*Task instructions:* Every line below from the one containing "ultimately show ?thesis" through the one containing "using M \<open>x" must be transcribed exactly. Omit all lines outside that stretch.

-------- Records to use

lemma proper_list_coloring_insert:
  assumes "symp R" "\<not> R x x"
    and c: "proper_list_coloring S R L c" and "a \<in> L x" and a: "a \<notin> c ` {y \<in> S. R x y}"
  shows "proper_list_coloring (insert x S) R L (c(x := a))"
  unfolding proper_list_coloring_def
proof (intro conjI ballI impI)
  fix y assume "y \<in> insert x S"
  then show "(c(x := a)) y \<in> L y" using c \<open>a \<in> L x\<close> unfolding proper_list_coloring_def by auto
next
  have new: "a \<noteq> c y" if "y \<in> S" "R x y" for y using a that by blast
  fix y z assume "y \<in> insert x S" "z \<in> insert x S" "R y z"
  then show "(c(x := a)) y \<noteq> (c(x := a)) z"
    using c \<open>\<not> R x x\<close> new[of z] new[of y] sympD[OF \<open>symp R\<close> \<open>R y z\<close>]
    unfolding proper_list_coloring_def by (cases "y = x"; cases "z = x") auto
qed

lemma proper_list_coloring_greedy:
  fixes n :: nat
  assumes "symp R" "\<And>x. \<not> R x x"
    and "\<And>k. k < n \<Longrightarrow> finite (A (f k)) \<and>
           card {l. l < k \<and> R (f l) (f k) \<and> A (f l) \<inter> A (f k) \<noteq> {}} < card (A (f k))"
  shows "\<exists>c. proper_list_coloring (f ` {..<n}) R A c"
  using assms(3)
proof (induction n)
  case 0
  show ?case by (simp add: proper_list_coloring_def)
next
  case (Suc n)
  then obtain c where c: "proper_list_coloring (f ` {..<n}) R A c" by auto
  define x where "x = f n"
  define N where "N = {l. l < n \<and> R (f l) x \<and> A (f l) \<inter> A x \<noteq> {}}"
  have fin: "finite (A x)" and small: "card N < card (A x)"
    using Suc.prems[of n] unfolding x_def N_def by auto
  have N_fin: "finite N" unfolding N_def by simp
  have forbidden: "A x \<inter> c ` {y \<in> f ` {..<n}. R x y} \<subseteq> c ` f ` N"
  proof
    fix z assume "z \<in> A x \<inter> c ` {y \<in> f ` {..<n}. R x y}"
    then obtain l where l: "l < n" "R x (f l)" "z = c (f l)" "z \<in> A x" by blast
    then have "c (f l) \<in> A (f l)" using c unfolding proper_list_coloring_def by blast
    then have "l \<in> N" using l sympD[OF \<open>symp R\<close> l(2)] unfolding N_def by auto
    then show "z \<in> c ` f ` N" using l by blast
  qed
  have "\<not> A x \<subseteq> c ` {y \<in> f ` {..<n}. R x y}"
  proof
    assume "A x \<subseteq> c ` {y \<in> f ` {..<n}. R x y}"
    then have "A x \<subseteq> c ` f ` N" using forbidden by (simp add: inf.absorb1)
    then have "card (A x) \<le> card (c ` f ` N)" using N_fin by (intro card_mono) auto
    also have "\<dots> \<le> card (f ` N)" using N_fin by (intro card_image_le) auto
    also have "\<dots> \<le> card N" using N_fin by (rule card_image_le)
    finally show False using small by linarith
  qed
  then obtain a where "a \<in> A x" "a \<notin> c ` {y \<in> f ` {..<n}. R x y}" by blast
  then have "proper_list_coloring (insert x (f ` {..<n})) R A (c(x := a))"
    using proper_list_coloring_insert[OF assms(1,2) c] by blast
  then show ?case unfolding x_def lessThan_Suc image_insert by blast
qed

definition extendable_precoloring ::
    "'x set \<Rightarrow> ('x \<Rightarrow> 'x \<Rightarrow> bool) \<Rightarrow> ('x \<Rightarrow> 'c set) \<Rightarrow> ('x \<times> 'c) set \<Rightarrow> bool" where
  "extendable_precoloring S R L p \<longleftrightarrow> p \<subseteq> S \<times> UNIV \<and> single_valued p \<and>
     (\<forall>F. finite F \<longrightarrow> F \<subseteq> S \<longrightarrow>
        (\<exists>c. proper_list_coloring F R L c \<and> (\<forall>(x, a) \<in> p. x \<in> F \<longrightarrow> c x = a)))"

lemma extendable_precoloringD:
  assumes "extendable_precoloring S R L p" "finite F" "F \<subseteq> S"
  obtains c where "proper_list_coloring F R L c" "\<And>x a. (x, a) \<in> p \<Longrightarrow> x \<in> F \<Longrightarrow> c x = a"
proof -
  have "\<exists>c. proper_list_coloring F R L c \<and> (\<forall>(x, a) \<in> p. x \<in> F \<longrightarrow> c x = a)"
    using assms unfolding extendable_precoloring_def by simp
  then obtain c where c: "proper_list_coloring F R L c" and c_p: "\<forall>(x, a) \<in> p. x \<in> F \<longrightarrow> c x = a"
    by blast
  show thesis by (rule that[OF c]) (use c_p in auto)
qed

lemma extendable_precoloring_chain_Union:
  assumes chain: "subset.chain {p. extendable_precoloring S R L p} C"
    and finite_colorable: "\<And>F. finite F \<Longrightarrow> F \<subseteq> S \<Longrightarrow> \<exists>c. proper_list_coloring F R L c"
  shows "extendable_precoloring S R L (\<Union>C)"
proof -
  have ext: "\<And>p. p \<in> C \<Longrightarrow> extendable_precoloring S R L p"
    and total: "\<And>p q. p \<in> C \<Longrightarrow> q \<in> C \<Longrightarrow> p \<subseteq> q \<or> q \<subseteq> p"
    using chain unfolding subset_chain_def by auto
  have "\<Union>C \<subseteq> S \<times> UNIV" using ext unfolding extendable_precoloring_def by blast
  moreover have sv: "single_valued (\<Union>C)"
    unfolding single_valued_def
  proof (intro allI impI)
    fix x a b assume "(x, a) \<in> \<Union>C" "(x, b) \<in> \<Union>C"
    then obtain p q where "p \<in> C" "q \<in> C" "(x, a) \<in> p" "(x, b) \<in> q" by blast
    moreover have "single_valued p" "single_valued q"
      using ext \<open>p \<in> C\<close> \<open>q \<in> C\<close> unfolding extendable_precoloring_def by blast+
    ultimately show "a = b" using total[of p q] unfolding single_valued_def by blast
  qed
  moreover have "\<exists>c. proper_list_coloring F R L c \<and> (\<forall>(x, a) \<in> \<Union>C. x \<in> F \<longrightarrow> c x = a)"
    if F: "finite F" "F \<subseteq> S" for F
  proof (cases "C = {}")
    case True
    then show ?thesis using finite_colorable[OF F] by auto
  next
    case False
    define Q where "Q = {xa \<in> \<Union>C. fst xa \<in> F}"
    have "inj_on fst Q" using sv unfolding Q_def inj_on_def single_valued_def by auto
    moreover have "finite (fst ` Q)" using F(1) by (rule finite_subset[rotated]) (auto simp: Q_def)
    ultimately have "finite Q" by (rule finite_imageD[rotated])
    then obtain p where "p \<in> C" "Q \<subseteq> p"
      using finite_subset_Union_chain[OF _ _ False chain] unfolding Q_def by blast
    then obtain c where c: "proper_list_coloring F R L c"
      and c_p: "\<And>x a. (x, a) \<in> p \<Longrightarrow> x \<in> F \<Longrightarrow> c x = a"
      using extendable_precoloringD[OF ext F] by blast
    have "\<forall>(x, a) \<in> \<Union>C. x \<in> F \<longrightarrow> c x = a"
      using c_p \<open>Q \<subseteq> p\<close> unfolding Q_def by auto
    with c show ?thesis by (intro exI[of _ c]) simp
  qed
  ultimately show ?thesis unfolding extendable_precoloring_def by (intro conjI allI impI) simp_all
qed

lemma maximal_extendable_precoloring_total:
  assumes M: "extendable_precoloring S R L M"
    and M_max: "\<And>p. extendable_precoloring S R L p \<Longrightarrow> M \<subseteq> p \<Longrightarrow> p = M"
    and fin: "finite (L x)" and "x \<in> S"
  shows "\<exists>a. (x, a) \<in> M"
proof (rule ccontr)
  assume undef: "\<nexists>a. (x, a) \<in> M"
  have "\<not> extendable_precoloring S R L (insert (x, a) M)" for a
    using M_max[of "insert (x, a) M"] undef by blast
  moreover have "insert (x, a) M \<subseteq> S \<times> UNIV" "single_valued (insert (x, a) M)" for a
    using M \<open>x \<in> S\<close> undef unfolding extendable_precoloring_def single_valued_def by auto
  ultimately have "\<forall>a. \<exists>F. finite F \<and> F \<subseteq> S \<and> \<not> (\<exists>c. proper_list_coloring F R L c \<and>
      (\<forall>(y, b) \<in> insert (x, a) M. y \<in> F \<longrightarrow> c y = b))"
    unfolding extendable_precoloring_def by simp
  from choice[OF this] obtain F where F: "\<forall>a. finite (F a) \<and> F a \<subseteq> S \<and>
      \<not> (\<exists>c. proper_list_coloring (F a) R L c \<and> (\<forall>(y, b) \<in> insert (x, a) M. y \<in> F a \<longrightarrow> c y = b))"
    ..
  define K where "K = insert x (\<Union>a \<in> L x. F a)"
  have "finite K" "K \<subseteq> S" unfolding K_def using F fin \<open>x \<in> S\<close> by auto
  then obtain c where c: "proper_list_coloring K R L c"
    and c_M: "\<And>y b. (y, b) \<in> M \<Longrightarrow> y \<in> K \<Longrightarrow> c y = b"
    using extendable_precoloringD[OF M] by blast
  have "c x \<in> L x" using c unfolding proper_list_coloring_def K_def by blast
  then have "F (c x) \<subseteq> K" unfolding K_def by blast
  then have "proper_list_coloring (F (c x)) R L c" by (rule proper_list_coloring_subset[OF c])
  moreover have "\<forall>(y, b) \<in> insert (x, c x) M. y \<in> F (c x) \<longrightarrow> c y = b"
    using c_M \<open>F (c x) \<subseteq> K\<close> by auto
  ultimately show False using F by blast
qed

----------------

*Solution to the exercise:*
  ultimately show ?thesis unfolding extendable_precoloring_def by (intro conjI allI impI) simp_all
qed

lemma maximal_extendable_precoloring_total:
  assumes M: "extendable_precoloring S R L M"
    and M_max: "\<And>p. extendable_precoloring S R L p \<Longrightarrow> M \<subseteq> p \<Longrightarrow> p = M"
    and fin: "finite (L x)" and "x \<in> S"
  shows "\<exists>a. (x, a) \<in> M"
proof (rule ccontr)
  assume undef: "\<nexists>a. (x, a) \<in> M"
  have "\<not> extendable_precoloring S R L (insert (x, a) M)" for a
    using M_max[of "insert (x, a) M"] undef by blast
  moreover have "insert (x, a) M \<subseteq> S \<times> UNIV" "single_valued (insert (x, a) M)" for a
    using M \<open>x \<in> S\<close> undef unfolding extendable_precoloring_def single_valued_def by auto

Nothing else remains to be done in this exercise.